++++ Data for analysis ++++

(* Let $\Gamma$ be a group and let $\mathcal{S}=\mathcal{S}(\Pi,A,\xi)$ be a Gr-category of the type $(\Pi,A)$. (i) If $(\theta,F)$ is a factor set on $\Gamma$ with coefficients in $\mathcal{S}$, then there are group homomorphisms $\varphi:\Gamma\to\mathrm{Aut}\,\Pi$ and $f:\Gamma\to\mathrm{Aut}\,A$ such that, for every $\sigma\in\Gamma$, $F^\sigma(x)=\varphi(\sigma)(x)$ and $F^\sigma(x,a)=(\varphi(\sigma)(x),f(\sigma)(a))$ for all $x\in\Pi$, $a\in A$; and, setting $\sigma x=\varphi(\sigma)(x)$, $\sigma a=f(\sigma)(a)$, the $\Pi$-module $A$ becomes a $\Pi$-module $\Gamma$-equivariant, i.e. $\sigma(xa)=(\sigma x)(\sigma a)$ for all $\sigma\in\Gamma,x\in\Pi,a\in A$. (ii) If $(F^\sigma)_{\sigma\in\Gamma}$ is a family of monoidal autoequivalences of $\mathcal{S}$ and $(\theta^{\sigma,\tau}:F^\sigma F^\tau\to F^{\sigma\tau})_{\sigma,\tau\in\Gamma}$ is a family of isomorphisms of monoidal functors satisfying conditions (ii) and (iii) in the definition of a factor set, then condition (i) holds automatically, i.e. $F^1=\mathrm{id}_{\mathcal{S}}$ as a monoidal functor.
   Context: Let $\Pi$ be a group and $A$ a left $\Pi$-module. A Gr-category of the type $(\Pi,A)$, $\mathcal{S}(\Pi,A,\xi)$, has as objects the elements of $\Pi$, only automorphisms as morphisms, $\mathrm{Aut}(x)=\{x\}\times A$, composition $(x,u)\circ(x,v)=(x,u+v)$, tensor product $x\otimes y=xy$, $(x,u)\otimes(y,v)=(xy,u+xv)$, associativity constraint $a_{x,y,z}=(xyz,\xi(x,y,z))$ for a normalized 3-cocycle $\xi\in Z^3(\Pi,A)$ (group cohomology), and strict unit constraints (unit object $1$). A monoidal functor is written $F=(F,\widetilde F,\widehat F)$ with $\widetilde F_{x,y}:F(x\otimes y)\to F(x)\otimes F(y)$ and $\widehat F:F(1)\to 1$. A factor set on $\Gamma$ with coefficients in a monoidal category $\mathcal{C}$ is a pair $(\theta,F)$: monoidal autoequivalences $F^\sigma:\mathcal{C}\to\mathcal{C}$ ($\sigma\in\Gamma$) and isomorphisms of monoidal functors $\theta^{\sigma,\tau}:F^\sigma F^\tau\to F^{\sigma\tau}$, such that (i) $F^1=\mathrm{id}_{\mathcal{C}}$; (ii) $\theta^{1,\sigma}=\mathrm{id}_{F^\sigma}=\theta^{\sigma,1}$; (iii) $\theta^{\sigma\tau,\gamma}\circ(\theta^{\sigma,\tau}F^\gamma)=\theta^{\sigma,\tau\gamma}\circ(F^\sigma\theta^{\tau,\gamma})$ for all $\sigma,\tau,\gamma\in\Gamma$. *)

theory Defs
  imports "HOL-Algebra.Algebra" "HOL-Algebra.Bij"
begin

text \<open>The group Pi is a HOL-Algebra group P; the Pi-module A is a HOL-Algebra
commutative group (written multiplicatively: the paper's u + v is u \<otimes> v, 0 is \<one>);
the action of x on u is act x u.\<close>

definition pi_module ::
  "('p, 'm) monoid_scheme \<Rightarrow> ('a, 'n) monoid_scheme \<Rightarrow> ('p \<Rightarrow> 'a \<Rightarrow> 'a) \<Rightarrow> bool" where
  "pi_module P A act \<longleftrightarrow> group P \<and> comm_group A \<and>
     (\<forall>x\<in>carrier P. act x \<in> hom A A) \<and>
     (\<forall>u\<in>carrier A. act \<one>\<^bsub>P\<^esub> u = u) \<and>
     (\<forall>x\<in>carrier P. \<forall>y\<in>carrier P. \<forall>u\<in>carrier A.
        act (x \<otimes>\<^bsub>P\<^esub> y) u = act x (act y u))"

definition normalized_3cocycle ::
  "('p, 'm) monoid_scheme \<Rightarrow> ('a, 'n) monoid_scheme \<Rightarrow> ('p \<Rightarrow> 'a \<Rightarrow> 'a)
   \<Rightarrow> ('p \<Rightarrow> 'p \<Rightarrow> 'p \<Rightarrow> 'a) \<Rightarrow> bool" where
  "normalized_3cocycle P A act \<xi> \<longleftrightarrow>
     (\<forall>x\<in>carrier P. \<forall>y\<in>carrier P. \<forall>z\<in>carrier P. \<xi> x y z \<in> carrier A) \<and>
     (\<forall>x\<in>carrier P. \<forall>y\<in>carrier P. \<forall>z\<in>carrier P. \<forall>t\<in>carrier P.
        act x (\<xi> y z t) \<otimes>\<^bsub>A\<^esub> \<xi> x (y \<otimes>\<^bsub>P\<^esub> z) t \<otimes>\<^bsub>A\<^esub> \<xi> x y z
        = \<xi> (x \<otimes>\<^bsub>P\<^esub> y) z t \<otimes>\<^bsub>A\<^esub> \<xi> x y (z \<otimes>\<^bsub>P\<^esub> t)) \<and>
     (\<forall>x\<in>carrier P. \<forall>y\<in>carrier P.
        \<xi> \<one>\<^bsub>P\<^esub> x y = \<one>\<^bsub>A\<^esub> \<and> \<xi> x \<one>\<^bsub>P\<^esub> y = \<one>\<^bsub>A\<^esub> \<and> \<xi> x y \<one>\<^bsub>P\<^esub> = \<one>\<^bsub>A\<^esub>)"

definition Gr_category_type ::
  "('p, 'm) monoid_scheme \<Rightarrow> ('a, 'n) monoid_scheme \<Rightarrow> ('p \<Rightarrow> 'a \<Rightarrow> 'a)
   \<Rightarrow> ('p \<Rightarrow> 'p \<Rightarrow> 'p \<Rightarrow> 'a) \<Rightarrow> bool" where
  "Gr_category_type P A act \<xi> \<longleftrightarrow> pi_module P A act \<and> normalized_3cocycle P A act \<xi>"

text \<open>Objects go to fobj x; the morphism (x,u)
  goes to (fobj x, fmor x u); ftil x y is the element of A such that
  F~_{x,y} = (F(xy), ftil x y) : F(xy) -> F(x)F(y) (forcing F(xy) = F(x)F(y), as S has only
  automorphisms); fhat is the element with F^ = (1, fhat) : F(1) -> 1 (forcing F(1) = 1).\<close>
record ('p, 'a) mfun =
  fobj :: "'p \<Rightarrow> 'p"
  fmor :: "'p \<Rightarrow> 'a \<Rightarrow> 'a"
  ftil :: "'p \<Rightarrow> 'p \<Rightarrow> 'a"
  fhat :: "'a"

text \<open>Composition in S: (x,u) o (x,v) = (x, u \<otimes> v);  tensor (x,u) (y,v) = (xy, u \<otimes> act x v);
  associativity constraint a_{x,y,z} = (xyz, xi x y z) : x(yz) -> (xy)z; strict units.\<close>
definition monoidal_functor ::
  "('p, 'm) monoid_scheme \<Rightarrow> ('a, 'n) monoid_scheme \<Rightarrow> ('p \<Rightarrow> 'a \<Rightarrow> 'a)
   \<Rightarrow> ('p \<Rightarrow> 'p \<Rightarrow> 'p \<Rightarrow> 'a) \<Rightarrow> ('p, 'a) mfun \<Rightarrow> bool" where
  "monoidal_functor P A act \<xi> F \<longleftrightarrow>
     \<comment> \<open>functor\<close>
     (\<forall>x\<in>carrier P. fobj F x \<in> carrier P) \<and>
     (\<forall>x\<in>carrier P. \<forall>u\<in>carrier A. fmor F x u \<in> carrier A) \<and>
     (\<forall>x\<in>carrier P. fmor F x \<one>\<^bsub>A\<^esub> = \<one>\<^bsub>A\<^esub>) \<and>
     (\<forall>x\<in>carrier P. \<forall>u\<in>carrier A. \<forall>v\<in>carrier A.
        fmor F x (u \<otimes>\<^bsub>A\<^esub> v) = fmor F x u \<otimes>\<^bsub>A\<^esub> fmor F x v) \<and>
     \<comment> \<open>F~ and F^ are morphisms of S\<close>
     (\<forall>x\<in>carrier P. \<forall>y\<in>carrier P.
        fobj F (x \<otimes>\<^bsub>P\<^esub> y) = fobj F x \<otimes>\<^bsub>P\<^esub> fobj F y \<and> ftil F x y \<in> carrier A) \<and>
     fobj F \<one>\<^bsub>P\<^esub> = \<one>\<^bsub>P\<^esub> \<and> fhat F \<in> carrier A \<and>
     \<comment> \<open>naturality of F~\<close>
     (\<forall>x\<in>carrier P. \<forall>y\<in>carrier P. \<forall>u\<in>carrier A. \<forall>v\<in>carrier A.
        ftil F x y \<otimes>\<^bsub>A\<^esub> fmor F (x \<otimes>\<^bsub>P\<^esub> y) (u \<otimes>\<^bsub>A\<^esub> act x v)
        = (fmor F x u \<otimes>\<^bsub>A\<^esub> act (fobj F x) (fmor F y v)) \<otimes>\<^bsub>A\<^esub> ftil F x y) \<and>
     \<comment> \<open>compatibility with associativity constraints:
         (F~ (x) id) o F~ o F(a) = a o (id (x) F~) o F~\<close>
     (\<forall>x\<in>carrier P. \<forall>y\<in>carrier P. \<forall>z\<in>carrier P.
        (ftil F x y \<otimes>\<^bsub>A\<^esub> act (fobj F x \<otimes>\<^bsub>P\<^esub> fobj F y) \<one>\<^bsub>A\<^esub>)
          \<otimes>\<^bsub>A\<^esub> ftil F (x \<otimes>\<^bsub>P\<^esub> y) z
          \<otimes>\<^bsub>A\<^esub> fmor F (x \<otimes>\<^bsub>P\<^esub> (y \<otimes>\<^bsub>P\<^esub> z)) (\<xi> x y z)
        = \<xi> (fobj F x) (fobj F y) (fobj F z)
          \<otimes>\<^bsub>A\<^esub> (\<one>\<^bsub>A\<^esub> \<otimes>\<^bsub>A\<^esub> act (fobj F x) (ftil F y z))
          \<otimes>\<^bsub>A\<^esub> ftil F x (y \<otimes>\<^bsub>P\<^esub> z)) \<and>
     \<comment> \<open>compatibility with the (strict) unit constraints:
         F(l_x) = l_{Fx} o (F^ (x) id) o F~_{1,x},  F(r_x) = r_{Fx} o (id (x) F^) o F~_{x,1}\<close>
     (\<forall>x\<in>carrier P.
        fmor F x \<one>\<^bsub>A\<^esub> = (fhat F \<otimes>\<^bsub>A\<^esub> act \<one>\<^bsub>P\<^esub> \<one>\<^bsub>A\<^esub>) \<otimes>\<^bsub>A\<^esub> ftil F \<one>\<^bsub>P\<^esub> x \<and>
        fmor F x \<one>\<^bsub>A\<^esub> = (\<one>\<^bsub>A\<^esub> \<otimes>\<^bsub>A\<^esub> act (fobj F x) (fhat F)) \<otimes>\<^bsub>A\<^esub> ftil F x \<one>\<^bsub>P\<^esub>)"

++++

Exercise
Using the records above, determine how many lines hold the word "comment", and answer with that figure only.

Solution to this exercise
5